Any suggestions? I'm hoping there is an "official" upgrade rather than me just setting it to 5 degrees lower arbitrarily.

----------

## MaximeG

Hi,

I've already read threads dealing about this topic, they were advising to manually add a "-5" to the calculation.

I don't know the details, but I think these temps are estimated and arbitrary sent by motherboards. They can't really fix it, since every motherboard will behave differently; that's why they (lm_sensors team) propose a way of modifying the temperature using a formula in the config file.

Regards,

Maxime

----------

## djinnZ

There are two problems in the sensors: the first than I read in yours logs is the "sensor invalid" message. Try to change the sensor type with the "set sensor" (manually set to 1-2-3) line, the second problems is with the scale and the start/end temperature, as MaximeG think are arbitrary establishied for every MB (and crappy documented by the producers, or totally undocumented also).

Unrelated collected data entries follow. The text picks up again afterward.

lemma sadic_lim_additive:
  assumes "sadic_lim s f L"
    and add: "\<And>x y. h (x + y) = h x + h y"
    and order: "\<And>k x. spow_dvd s k x \<Longrightarrow> spow_dvd s' k (h x)"
  shows "sadic_lim s' (\<lambda>n. h (f n)) (h L)"
proof -
  have "h (x - y) = h x - h y" for x y by (metis add eq_diff_eq)
  then show ?thesis using assms(1) order unfolding sadic_lim_iff by metis
qed

lemma sadic_lim_add:
  assumes "sadic_lim s f L" and "sadic_lim s g M"
  shows "sadic_lim s (\<lambda>n. f n + g n) (L + M)"
  unfolding sadic_lim_iff
proof
  fix k
  obtain N1 where N1: "\<forall>n\<ge>N1. spow_dvd s k (f n - L)" using assms(1) unfolding sadic_lim_iff by blast
  obtain N2 where N2: "\<forall>n\<ge>N2. spow_dvd s k (g n - M)" using assms(2) unfolding sadic_lim_iff by blast
  have "spow_dvd s k (f n + g n - (L + M))" if "n \<ge> max N1 N2" for n
    using spow_dvd_add[of s k "f n - L" "g n - M"] N1 N2 that by (simp add: algebra_simps)
  then show "\<exists>N. \<forall>n\<ge>N. spow_dvd s k (f n + g n - (L + M))" by blast
qed

lemma sadic_lim_mult:
  assumes "sadic_complete s" and "sadic_lim s f L" and "sadic_lim s g M"
  shows "sadic_lim s (\<lambda>n. f n * g n) (L * M)"
  unfolding sadic_lim_iff
proof
  fix k
  obtain N1 where N1: "\<forall>n\<ge>N1. spow_dvd s k (f n - L)" using assms(2) unfolding sadic_lim_iff by blast
  obtain N2 where N2: "\<forall>n\<ge>N2. spow_dvd s k (g n - M)" using assms(3) unfolding sadic_lim_iff by blast
  have "spow_dvd s k (f n * g n - L * M)" if "n \<ge> max N1 N2" for n
  proof -
    have "spow_dvd s k ((f n - L) * g n + L * (g n - M))"
      using N1 N2 that
      by (intro spow_dvd_add spow_dvd_mult_right spow_dvd_mult_left[OF assms(1)]) auto
    then show ?thesis by (simp add: algebra_simps)
  qed
  then show "\<exists>N. \<forall>n\<ge>N. spow_dvd s k (f n * g n - L * M)" by blast
qed

lemma sadic_lim_approx:
  assumes "sadic_lim s f L" and "\<And>n. spow_dvd s n (f n - g n)"
  shows "sadic_lim s g L"
  unfolding sadic_lim_iff
proof
  fix k
  obtain N where N: "\<forall>n\<ge>N. spow_dvd s k (f n - L)" using assms(1) unfolding sadic_lim_iff by blast
  have "spow_dvd s k (g n - L)" if "n \<ge> max N k" for n
    using spow_dvd_diff[of s k "f n - L" "f n - g n"] N spow_dvd_mono[OF _ assms(2)] that by simp
  then show "\<exists>N. \<forall>n\<ge>N. spow_dvd s k (g n - L)" by blast
qed

section \<open>s-adic series\<close>

definition sadic_suminf :: "'a::ring_1 \<Rightarrow> (nat \<Rightarrow> 'a) \<Rightarrow> 'a" where
  "sadic_suminf s a = sadic_Lim s (\<lambda>N. \<Sum>n<N. a n)"

text \<open>Requiring \<open>s ^ n\<close> to divide the \<open>n\<close>-th term, rather than only s-adic convergence of the
  terms to 0, suffices for the exponential series and keeps the Cauchy product elementary.\<close>

lemma sadic_suminf_lim:
  assumes c: "sadic_complete s" and a: "\<And>n. spow_dvd s n (a n)"
  shows "sadic_lim s (\<lambda>N. \<Sum>n<N. a n) (sadic_suminf s a)"
proof -
  have tail: "spow_dvd s k ((\<Sum>n<N. a n) - (\<Sum>n<k. a n))" if "k \<le> N" for k N
  proof -
    have "(\<Sum>n<N. a n) - (\<Sum>n<k. a n) = (\<Sum>n\<in>{k..<N}. a n)"
      using that by (metis add_diff_cancel_left' lessThan_atLeast0 sum.atLeastLessThan_concat zero_le)
    moreover have "spow_dvd s k (\<Sum>n\<in>{k..<N}. a n)"
      by (rule spow_dvd_sum) (auto intro: spow_dvd_mono[OF _ a])
    ultimately show ?thesis by simp
  qed
  have "sadic_cauchy s (\<lambda>N. \<Sum>n<N. a n)"
    unfolding sadic_cauchy_def
  proof
    fix k
    have "spow_dvd s k ((\<Sum>i<m. a i) - (\<Sum>i<n. a i))" if "m \<ge> k" "n \<ge> k" for m n
      using spow_dvd_diff[OF tail tail, OF that] by simp
    then show "\<exists>N. \<forall>m\<ge>N. \<forall>n\<ge>N. \<exists>y. (\<Sum>n<m. a n) - (\<Sum>n<n. a n) = s ^ k * y"
      unfolding spow_dvd_def by blast
  qed
  then obtain L where "sadic_lim s (\<lambda>N. \<Sum>n<N. a n) L"
    using c unfolding sadic_complete_def by blast
  then show ?thesis
    unfolding sadic_suminf_def using sadic_Lim_eqI[OF sadic_complete_separated[OF c]] by simp
qed

lemma sadic_suminf_eqI:
  "sadic_complete s \<Longrightarrow> sadic_lim s (\<lambda>N. \<Sum>n<N. a n) L \<Longrightarrow> sadic_suminf s a = L"
  unfolding sadic_suminf_def by (rule sadic_Lim_eqI[OF sadic_complete_separated])

lemma sadic_suminf_0: "sadic_complete s \<Longrightarrow> sadic_suminf s (\<lambda>n. 0) = 0"
  by (rule sadic_suminf_eqI) (simp_all add: sadic_lim_const)

lemma sadic_suminf_additive:
  assumes "sadic_complete s" and "sadic_complete s'" and a: "\<And>n. spow_dvd s n (a n)"
    and add: "\<And>x y. h (x + y) = h x + h y"
    and order: "\<And>k x. spow_dvd s k x \<Longrightarrow> spow_dvd s' k (h x)"
  shows "h (sadic_suminf s a) = sadic_suminf s' (\<lambda>n. h (a n))"
proof -
  have "h 0 = 0" using add[of 0 0] by simp
  then have sum: "h (\<Sum>n<N. a n) = (\<Sum>n<N. h (a n))" for N
    by (induction N) (simp_all add: add)
  have "sadic_lim s' (\<lambda>N. h (\<Sum>n<N. a n)) (h (sadic_suminf s a))"
    by (rule sadic_lim_additive[where h = h, OF sadic_suminf_lim[OF assms(1) a] add order])
  then show ?thesis
    unfolding sum by (rule sadic_suminf_eqI[OF assms(2), symmetric])
qed

lemma sadic_suminf_mult_left:
  "sadic_complete s \<Longrightarrow> (\<And>n. spow_dvd s n (a n)) \<Longrightarrow> sadic_suminf s (\<lambda>n. w * a n) = w * sadic_suminf s a"
  by (rule sadic_suminf_additive[symmetric]) (simp_all add: distrib_left spow_dvd_mult_left)

lemma sadic_suminf_mult_right:
  "sadic_complete s \<Longrightarrow> (\<And>n. spow_dvd s n (a n)) \<Longrightarrow> sadic_suminf s (\<lambda>n. a n * w) = sadic_suminf s a * w"
  by (rule sadic_suminf_additive[symmetric]) (simp_all add: distrib_right spow_dvd_mult_right)

lemma sadic_suminf_scaleR:
  fixes a :: "nat \<Rightarrow> 'a::real_algebra_1"
  shows "sadic_complete s \<Longrightarrow> (\<And>n. spow_dvd s n (a n)) \<Longrightarrow>
    sadic_suminf s (\<lambda>n. r *\<^sub>R a n) = r *\<^sub>R sadic_suminf s a"
  by (rule sadic_suminf_additive[symmetric]) (simp_all add: scaleR_right_distrib spow_dvd_scaleR)

lemma sadic_suminf_add:
  assumes c: "sadic_complete s" and a: "\<And>n. spow_dvd s n (a n)" and b: "\<And>n. spow_dvd s n (b n)"
  shows "sadic_suminf s (\<lambda>n. a n + b n) = sadic_suminf s a + sadic_suminf s b"
  by (rule sadic_suminf_eqI[OF c])
    (simp add: sum.distrib sadic_lim_add sadic_suminf_lim[OF c a] sadic_suminf_lim[OF c b])

lemma sadic_suminf_split_first:
  assumes c: "sadic_complete s" and a: "\<And>n. spow_dvd s n (a n)"
  shows "sadic_suminf s a = a 0 + sadic_suminf s (\<lambda>n. a (Suc n))"
proof -
  have "sadic_lim s (\<lambda>N. a 0 + (\<Sum>n<N. a (Suc n))) (sadic_suminf s a)"
    using sadic_lim_Suc[OF sadic_suminf_lim[OF c a]] by (simp only: sum.lessThan_Suc_shift)
  then have "sadic_lim s (\<lambda>N. (a 0 + (\<Sum>n<N. a (Suc n))) + - a 0) (sadic_suminf s a + - a 0)"
    by (rule sadic_lim_add[OF _ sadic_lim_const])
  then have "sadic_suminf s (\<lambda>n. a (Suc n)) = sadic_suminf s a - a 0"
    by (intro sadic_suminf_eqI[OF c]) simp
  then show ?thesis by simp
qed

lemma sadic_suminf_mult:
  assumes c: "sadic_complete s" and a: "\<And>n. spow_dvd s n (a n)" and b: "\<And>n. spow_dvd s n (b n)"
  shows "sadic_suminf s a * sadic_suminf s b = sadic_suminf s (\<lambda>n. \<Sum>i\<le>n. a i * b (n - i))"
proof -
  have ab: "spow_dvd s (i + j) (a i * b j)" for i j
  proof -
    obtain y where y: "a i = s ^ i * y" using a unfolding spow_dvd_def by blast
    obtain z where z: "b j = s ^ j * z" using b unfolding spow_dvd_def by blast
    show ?thesis by (simp add: y z power_mult_power_mult[OF c])
  qed
  have "sadic_lim s (\<lambda>N. (\<Sum>n<N. a n) * (\<Sum>n<N. b n)) (sadic_suminf s a * sadic_suminf s b)"
    by (rule sadic_lim_mult[OF c sadic_suminf_lim[OF c a] sadic_suminf_lim[OF c b]])
  then have "sadic_lim s (\<lambda>N. \<Sum>n<N. \<Sum>i\<le>n. a i * b (n - i)) (sadic_suminf s a * sadic_suminf s b)"
  proof (rule sadic_lim_approx)
    fix N :: nat
    let ?S = "{..<N} \<times> {..<N}" and ?T = "{(i, j). i + j < N}"
    have "(\<Sum>n<N. a n) * (\<Sum>n<N. b n) = (\<Sum>(i, j)\<in>?S. a i * b j)"
      by (simp add: sum_product sum.cartesian_product)
    also have "\<dots> = (\<Sum>(i, j)\<in>?S - ?T. a i * b j) + (\<Sum>(i, j)\<in>?T. a i * b j)"
      by (rule sum.subset_diff) auto
    also have "(\<Sum>(i, j)\<in>?T. a i * b j) = (\<Sum>n<N. \<Sum>i\<le>n. a i * b (n - i))"
      by (rule sum.triangle_reindex)
    finally have "(\<Sum>n<N. a n) * (\<Sum>n<N. b n) - (\<Sum>n<N. \<Sum>i\<le>n. a i * b (n - i))
        = (\<Sum>(i, j)\<in>?S - ?T. a i * b j)"
      by simp
    moreover have "spow_dvd s N (\<Sum>(i, j)\<in>?S - ?T. a i * b j)"
      by (rule spow_dvd_sum) (auto intro: spow_dvd_mono[OF _ ab])
    ultimately show "spow_dvd s N ((\<Sum>n<N. a n) * (\<Sum>n<N. b n) - (\<Sum>n<N. \<Sum>i\<le>n. a i * b (n - i)))"
      by simp
  qed
  then show ?thesis by (rule sadic_suminf_eqI[OF c, symmetric])
qed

No other solution than try or ask direcly to the lm_sensors devels. The tuning of the lm sensors need to write a your own config file.

----------

## nixscripter

Thanks guys.

1. I set the sensors to 2 (thermistor), and while the temperature displayed is the same, it still says "invalid" for the sensor type.

2. I subtracted 5 from the bottom and added 5 to the top. Now it reads correctly, despite the ranges being the rather bizarre -22C to +169C. The motherboard's ranges, remember, are -1C to +127C, and it also reads accurately.

I guess if that's it, that's it.

----------